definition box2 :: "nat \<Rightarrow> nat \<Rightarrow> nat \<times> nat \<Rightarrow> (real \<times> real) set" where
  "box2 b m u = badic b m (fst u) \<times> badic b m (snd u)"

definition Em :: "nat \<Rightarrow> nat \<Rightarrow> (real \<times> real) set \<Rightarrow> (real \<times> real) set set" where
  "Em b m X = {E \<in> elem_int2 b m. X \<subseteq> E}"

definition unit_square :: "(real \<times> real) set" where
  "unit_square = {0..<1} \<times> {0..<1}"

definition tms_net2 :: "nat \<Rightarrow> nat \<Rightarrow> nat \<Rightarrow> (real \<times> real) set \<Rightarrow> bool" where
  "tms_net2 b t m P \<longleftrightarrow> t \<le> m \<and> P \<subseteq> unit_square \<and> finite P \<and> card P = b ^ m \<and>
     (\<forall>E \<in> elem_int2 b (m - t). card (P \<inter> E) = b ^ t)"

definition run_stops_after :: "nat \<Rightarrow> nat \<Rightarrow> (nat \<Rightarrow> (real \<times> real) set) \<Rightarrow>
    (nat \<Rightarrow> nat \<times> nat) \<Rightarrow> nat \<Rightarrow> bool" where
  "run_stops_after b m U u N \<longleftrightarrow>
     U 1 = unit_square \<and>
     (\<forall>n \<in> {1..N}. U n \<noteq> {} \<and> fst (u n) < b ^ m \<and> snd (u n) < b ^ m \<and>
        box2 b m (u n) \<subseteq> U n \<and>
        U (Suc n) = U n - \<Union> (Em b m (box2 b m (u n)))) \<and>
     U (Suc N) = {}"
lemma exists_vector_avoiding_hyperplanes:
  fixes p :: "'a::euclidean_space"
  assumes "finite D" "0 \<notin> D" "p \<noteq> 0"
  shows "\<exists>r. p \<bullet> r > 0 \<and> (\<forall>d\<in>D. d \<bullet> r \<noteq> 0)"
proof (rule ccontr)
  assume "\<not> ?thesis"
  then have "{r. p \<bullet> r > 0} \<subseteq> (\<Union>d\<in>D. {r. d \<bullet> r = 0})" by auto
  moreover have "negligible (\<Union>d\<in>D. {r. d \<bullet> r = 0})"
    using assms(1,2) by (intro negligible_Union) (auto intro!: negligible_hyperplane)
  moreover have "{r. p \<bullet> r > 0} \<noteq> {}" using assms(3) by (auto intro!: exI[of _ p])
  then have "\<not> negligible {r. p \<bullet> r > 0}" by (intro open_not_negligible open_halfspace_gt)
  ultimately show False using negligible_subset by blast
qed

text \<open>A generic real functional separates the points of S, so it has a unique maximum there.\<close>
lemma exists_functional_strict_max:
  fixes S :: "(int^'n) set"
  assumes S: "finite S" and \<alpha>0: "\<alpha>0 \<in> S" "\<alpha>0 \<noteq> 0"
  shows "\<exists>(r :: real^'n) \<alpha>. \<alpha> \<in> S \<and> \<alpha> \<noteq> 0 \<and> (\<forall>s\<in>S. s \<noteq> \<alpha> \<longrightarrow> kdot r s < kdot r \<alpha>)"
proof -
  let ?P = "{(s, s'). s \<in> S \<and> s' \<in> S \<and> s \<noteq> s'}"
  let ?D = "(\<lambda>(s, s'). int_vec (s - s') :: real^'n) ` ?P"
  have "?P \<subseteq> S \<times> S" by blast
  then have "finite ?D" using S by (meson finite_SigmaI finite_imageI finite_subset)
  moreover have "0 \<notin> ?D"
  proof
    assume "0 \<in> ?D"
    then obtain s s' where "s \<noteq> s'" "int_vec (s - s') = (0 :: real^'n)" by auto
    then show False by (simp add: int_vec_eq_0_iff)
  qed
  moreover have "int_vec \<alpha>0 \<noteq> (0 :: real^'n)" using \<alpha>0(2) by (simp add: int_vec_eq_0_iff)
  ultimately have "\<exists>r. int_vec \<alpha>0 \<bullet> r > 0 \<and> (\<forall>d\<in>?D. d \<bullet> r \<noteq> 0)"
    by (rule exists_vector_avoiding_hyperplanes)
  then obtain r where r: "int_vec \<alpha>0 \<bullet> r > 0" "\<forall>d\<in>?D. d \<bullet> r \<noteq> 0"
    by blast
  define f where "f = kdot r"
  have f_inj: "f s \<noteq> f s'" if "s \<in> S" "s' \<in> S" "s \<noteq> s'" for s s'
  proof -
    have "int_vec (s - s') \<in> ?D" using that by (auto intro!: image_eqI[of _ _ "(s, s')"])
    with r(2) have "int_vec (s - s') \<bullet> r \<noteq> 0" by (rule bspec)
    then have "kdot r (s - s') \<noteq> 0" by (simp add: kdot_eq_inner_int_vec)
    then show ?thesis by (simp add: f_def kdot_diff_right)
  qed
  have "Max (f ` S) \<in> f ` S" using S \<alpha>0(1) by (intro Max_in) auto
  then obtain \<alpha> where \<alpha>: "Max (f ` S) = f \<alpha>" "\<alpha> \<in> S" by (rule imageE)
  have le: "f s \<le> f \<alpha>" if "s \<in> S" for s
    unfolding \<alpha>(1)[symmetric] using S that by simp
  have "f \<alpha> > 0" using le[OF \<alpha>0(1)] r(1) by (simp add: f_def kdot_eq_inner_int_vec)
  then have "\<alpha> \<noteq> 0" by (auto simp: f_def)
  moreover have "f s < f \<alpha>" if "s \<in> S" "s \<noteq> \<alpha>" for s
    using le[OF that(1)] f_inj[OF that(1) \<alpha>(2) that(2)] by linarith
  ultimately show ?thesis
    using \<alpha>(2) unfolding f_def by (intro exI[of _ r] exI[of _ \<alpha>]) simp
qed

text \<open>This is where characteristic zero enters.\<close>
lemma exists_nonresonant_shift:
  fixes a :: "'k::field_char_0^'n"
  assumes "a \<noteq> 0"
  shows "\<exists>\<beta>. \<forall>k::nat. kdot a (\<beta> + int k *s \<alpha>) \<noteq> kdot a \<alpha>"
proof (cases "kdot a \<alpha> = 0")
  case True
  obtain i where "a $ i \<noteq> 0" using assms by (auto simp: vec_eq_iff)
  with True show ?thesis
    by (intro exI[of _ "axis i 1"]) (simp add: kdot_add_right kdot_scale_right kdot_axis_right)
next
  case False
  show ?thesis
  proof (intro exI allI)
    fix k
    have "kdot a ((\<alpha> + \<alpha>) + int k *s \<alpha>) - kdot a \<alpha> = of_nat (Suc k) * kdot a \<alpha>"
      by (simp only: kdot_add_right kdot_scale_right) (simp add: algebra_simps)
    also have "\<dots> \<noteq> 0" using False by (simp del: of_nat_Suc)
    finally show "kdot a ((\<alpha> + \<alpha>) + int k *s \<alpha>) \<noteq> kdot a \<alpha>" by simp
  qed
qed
...
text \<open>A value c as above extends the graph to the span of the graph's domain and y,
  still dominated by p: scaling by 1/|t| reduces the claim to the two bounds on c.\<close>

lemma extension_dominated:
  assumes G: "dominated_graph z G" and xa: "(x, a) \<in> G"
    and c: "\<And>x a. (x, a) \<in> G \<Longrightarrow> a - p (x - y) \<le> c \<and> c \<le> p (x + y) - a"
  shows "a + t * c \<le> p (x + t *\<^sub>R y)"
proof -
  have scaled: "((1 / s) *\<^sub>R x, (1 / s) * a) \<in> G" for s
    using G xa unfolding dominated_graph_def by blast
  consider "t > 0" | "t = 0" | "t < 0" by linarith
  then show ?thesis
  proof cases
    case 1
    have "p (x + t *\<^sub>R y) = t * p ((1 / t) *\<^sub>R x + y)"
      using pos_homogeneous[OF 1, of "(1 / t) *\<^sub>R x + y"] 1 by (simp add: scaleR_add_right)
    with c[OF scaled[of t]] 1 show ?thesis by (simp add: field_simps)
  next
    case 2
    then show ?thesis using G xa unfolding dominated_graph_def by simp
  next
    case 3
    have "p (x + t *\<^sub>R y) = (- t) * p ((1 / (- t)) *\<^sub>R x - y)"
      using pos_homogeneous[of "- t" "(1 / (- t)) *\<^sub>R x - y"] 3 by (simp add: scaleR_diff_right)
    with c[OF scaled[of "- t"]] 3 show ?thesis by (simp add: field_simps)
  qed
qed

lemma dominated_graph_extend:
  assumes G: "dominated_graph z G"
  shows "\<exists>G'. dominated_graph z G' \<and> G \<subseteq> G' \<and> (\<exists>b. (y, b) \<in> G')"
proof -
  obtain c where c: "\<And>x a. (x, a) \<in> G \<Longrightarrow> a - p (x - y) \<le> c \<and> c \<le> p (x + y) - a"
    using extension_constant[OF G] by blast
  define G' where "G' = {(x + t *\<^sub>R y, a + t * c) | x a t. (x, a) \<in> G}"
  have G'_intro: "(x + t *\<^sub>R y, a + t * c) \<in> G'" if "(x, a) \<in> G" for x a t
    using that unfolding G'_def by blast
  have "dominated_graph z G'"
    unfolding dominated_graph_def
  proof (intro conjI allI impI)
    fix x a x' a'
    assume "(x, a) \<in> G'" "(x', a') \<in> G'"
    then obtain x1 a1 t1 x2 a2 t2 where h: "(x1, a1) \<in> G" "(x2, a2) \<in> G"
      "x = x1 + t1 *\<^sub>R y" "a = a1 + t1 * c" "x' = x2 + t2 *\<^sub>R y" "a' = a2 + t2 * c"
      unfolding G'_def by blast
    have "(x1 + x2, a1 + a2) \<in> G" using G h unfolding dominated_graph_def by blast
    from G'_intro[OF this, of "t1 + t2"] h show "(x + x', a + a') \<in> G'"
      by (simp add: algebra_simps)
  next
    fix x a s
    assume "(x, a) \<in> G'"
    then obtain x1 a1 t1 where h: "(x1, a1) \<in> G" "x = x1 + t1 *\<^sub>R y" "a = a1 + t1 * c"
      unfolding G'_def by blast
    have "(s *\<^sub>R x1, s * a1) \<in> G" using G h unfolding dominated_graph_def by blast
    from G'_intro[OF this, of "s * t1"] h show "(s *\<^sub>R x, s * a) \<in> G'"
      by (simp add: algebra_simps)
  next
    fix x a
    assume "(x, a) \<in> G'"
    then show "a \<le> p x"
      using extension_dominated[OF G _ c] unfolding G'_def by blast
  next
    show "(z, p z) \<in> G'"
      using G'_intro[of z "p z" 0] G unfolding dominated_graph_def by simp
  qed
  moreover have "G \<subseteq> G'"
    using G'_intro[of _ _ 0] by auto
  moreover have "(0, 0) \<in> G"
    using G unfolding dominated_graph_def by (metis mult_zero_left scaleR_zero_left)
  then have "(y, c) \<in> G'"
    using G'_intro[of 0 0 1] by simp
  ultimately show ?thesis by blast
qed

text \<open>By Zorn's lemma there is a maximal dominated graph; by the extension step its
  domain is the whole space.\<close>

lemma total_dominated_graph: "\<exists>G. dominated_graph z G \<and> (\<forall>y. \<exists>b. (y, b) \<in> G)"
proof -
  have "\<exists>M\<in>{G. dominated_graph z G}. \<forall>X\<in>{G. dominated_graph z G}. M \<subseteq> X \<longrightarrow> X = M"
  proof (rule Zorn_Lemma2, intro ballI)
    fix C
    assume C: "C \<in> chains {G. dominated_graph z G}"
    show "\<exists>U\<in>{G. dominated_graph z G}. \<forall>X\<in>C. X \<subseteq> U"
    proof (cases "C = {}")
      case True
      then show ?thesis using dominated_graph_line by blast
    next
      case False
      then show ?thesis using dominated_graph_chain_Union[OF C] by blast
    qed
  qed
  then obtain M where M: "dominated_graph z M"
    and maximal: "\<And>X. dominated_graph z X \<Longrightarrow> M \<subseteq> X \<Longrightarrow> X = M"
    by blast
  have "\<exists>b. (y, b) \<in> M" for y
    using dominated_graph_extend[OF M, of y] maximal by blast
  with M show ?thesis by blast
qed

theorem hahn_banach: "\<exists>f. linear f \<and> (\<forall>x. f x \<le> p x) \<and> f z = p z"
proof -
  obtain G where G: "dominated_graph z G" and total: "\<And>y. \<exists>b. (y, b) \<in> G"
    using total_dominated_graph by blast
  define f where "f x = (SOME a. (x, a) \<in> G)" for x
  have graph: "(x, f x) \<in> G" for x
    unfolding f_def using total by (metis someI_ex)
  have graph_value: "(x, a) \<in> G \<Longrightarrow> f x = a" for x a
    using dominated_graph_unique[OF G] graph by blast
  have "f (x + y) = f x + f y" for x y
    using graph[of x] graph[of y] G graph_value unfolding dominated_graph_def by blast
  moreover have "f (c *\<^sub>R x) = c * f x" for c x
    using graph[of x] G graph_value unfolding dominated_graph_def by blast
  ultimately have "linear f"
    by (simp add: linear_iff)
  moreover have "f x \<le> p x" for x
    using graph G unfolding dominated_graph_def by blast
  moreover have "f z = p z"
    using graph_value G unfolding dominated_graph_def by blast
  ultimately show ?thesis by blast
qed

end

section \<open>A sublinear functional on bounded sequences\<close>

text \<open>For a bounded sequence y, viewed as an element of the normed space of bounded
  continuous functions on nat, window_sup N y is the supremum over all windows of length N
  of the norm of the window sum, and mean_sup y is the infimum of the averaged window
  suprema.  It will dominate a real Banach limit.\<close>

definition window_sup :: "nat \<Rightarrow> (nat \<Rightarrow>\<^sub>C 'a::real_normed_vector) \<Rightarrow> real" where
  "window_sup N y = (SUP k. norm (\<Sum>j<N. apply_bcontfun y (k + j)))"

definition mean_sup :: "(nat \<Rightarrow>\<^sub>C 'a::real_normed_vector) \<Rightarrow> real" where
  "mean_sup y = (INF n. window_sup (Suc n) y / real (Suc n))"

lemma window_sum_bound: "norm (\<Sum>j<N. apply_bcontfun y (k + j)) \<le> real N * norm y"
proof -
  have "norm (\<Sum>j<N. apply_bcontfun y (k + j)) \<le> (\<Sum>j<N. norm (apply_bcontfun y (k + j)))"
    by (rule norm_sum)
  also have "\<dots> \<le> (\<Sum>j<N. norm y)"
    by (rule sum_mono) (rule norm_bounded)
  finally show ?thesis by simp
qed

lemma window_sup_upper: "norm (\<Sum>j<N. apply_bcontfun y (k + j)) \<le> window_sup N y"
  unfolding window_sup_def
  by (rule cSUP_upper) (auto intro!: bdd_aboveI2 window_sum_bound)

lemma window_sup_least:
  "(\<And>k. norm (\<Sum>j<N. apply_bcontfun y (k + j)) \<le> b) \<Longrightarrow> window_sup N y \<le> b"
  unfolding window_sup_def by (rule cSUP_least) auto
* * *
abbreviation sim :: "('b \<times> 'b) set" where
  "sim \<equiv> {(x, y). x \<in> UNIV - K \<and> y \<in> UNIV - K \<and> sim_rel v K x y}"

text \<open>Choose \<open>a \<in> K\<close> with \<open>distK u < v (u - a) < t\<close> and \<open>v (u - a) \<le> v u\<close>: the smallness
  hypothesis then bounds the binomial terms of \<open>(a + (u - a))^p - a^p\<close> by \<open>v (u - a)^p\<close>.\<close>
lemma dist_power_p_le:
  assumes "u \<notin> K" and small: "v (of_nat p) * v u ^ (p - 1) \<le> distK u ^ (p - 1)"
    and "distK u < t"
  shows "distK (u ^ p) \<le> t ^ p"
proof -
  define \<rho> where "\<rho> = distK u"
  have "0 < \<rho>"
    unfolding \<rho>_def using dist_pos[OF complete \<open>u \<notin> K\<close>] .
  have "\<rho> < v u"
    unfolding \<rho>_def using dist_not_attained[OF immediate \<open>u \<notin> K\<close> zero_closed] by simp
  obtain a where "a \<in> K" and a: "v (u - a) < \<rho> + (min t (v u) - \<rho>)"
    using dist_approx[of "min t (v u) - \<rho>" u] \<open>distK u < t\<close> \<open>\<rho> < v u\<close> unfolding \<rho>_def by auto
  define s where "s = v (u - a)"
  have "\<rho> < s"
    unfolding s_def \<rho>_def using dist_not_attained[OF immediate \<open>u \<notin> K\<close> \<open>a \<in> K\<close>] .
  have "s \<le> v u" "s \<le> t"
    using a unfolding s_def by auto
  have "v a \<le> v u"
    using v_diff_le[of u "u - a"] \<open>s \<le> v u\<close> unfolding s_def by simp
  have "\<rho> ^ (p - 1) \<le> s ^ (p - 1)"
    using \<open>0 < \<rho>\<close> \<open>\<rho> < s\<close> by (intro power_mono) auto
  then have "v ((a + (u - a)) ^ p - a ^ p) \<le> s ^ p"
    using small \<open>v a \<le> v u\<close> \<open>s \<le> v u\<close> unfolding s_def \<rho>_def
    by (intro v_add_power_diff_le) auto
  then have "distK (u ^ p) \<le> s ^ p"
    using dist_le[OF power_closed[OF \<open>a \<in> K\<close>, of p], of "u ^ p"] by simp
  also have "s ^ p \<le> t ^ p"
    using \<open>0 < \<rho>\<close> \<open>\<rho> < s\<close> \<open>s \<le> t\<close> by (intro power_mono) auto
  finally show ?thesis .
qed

_Task details_: When you reach the line with "using a unfolding s_def by auto" in the records above, start writing out lines exactly, and stop once the line with "(u ^ p) \<le> s" has been written; include nothing else.

_Task solution_:
    using a unfolding s_def by auto
  have "v a \<le> v u"
    using v_diff_le[of u "u - a"] \<open>s \<le> v u\<close> unfolding s_def by simp
  have "\<rho> ^ (p - 1) \<le> s ^ (p - 1)"
    using \<open>0 < \<rho>\<close> \<open>\<rho> < s\<close> by (intro power_mono) auto
  then have "v ((a + (u - a)) ^ p - a ^ p) \<le> s ^ p"
    using small \<open>v a \<le> v u\<close> \<open>s \<le> v u\<close> unfolding s_def \<rho>_def
    by (intro v_add_power_diff_le) auto
  then have "distK (u ^ p) \<le> s ^ p"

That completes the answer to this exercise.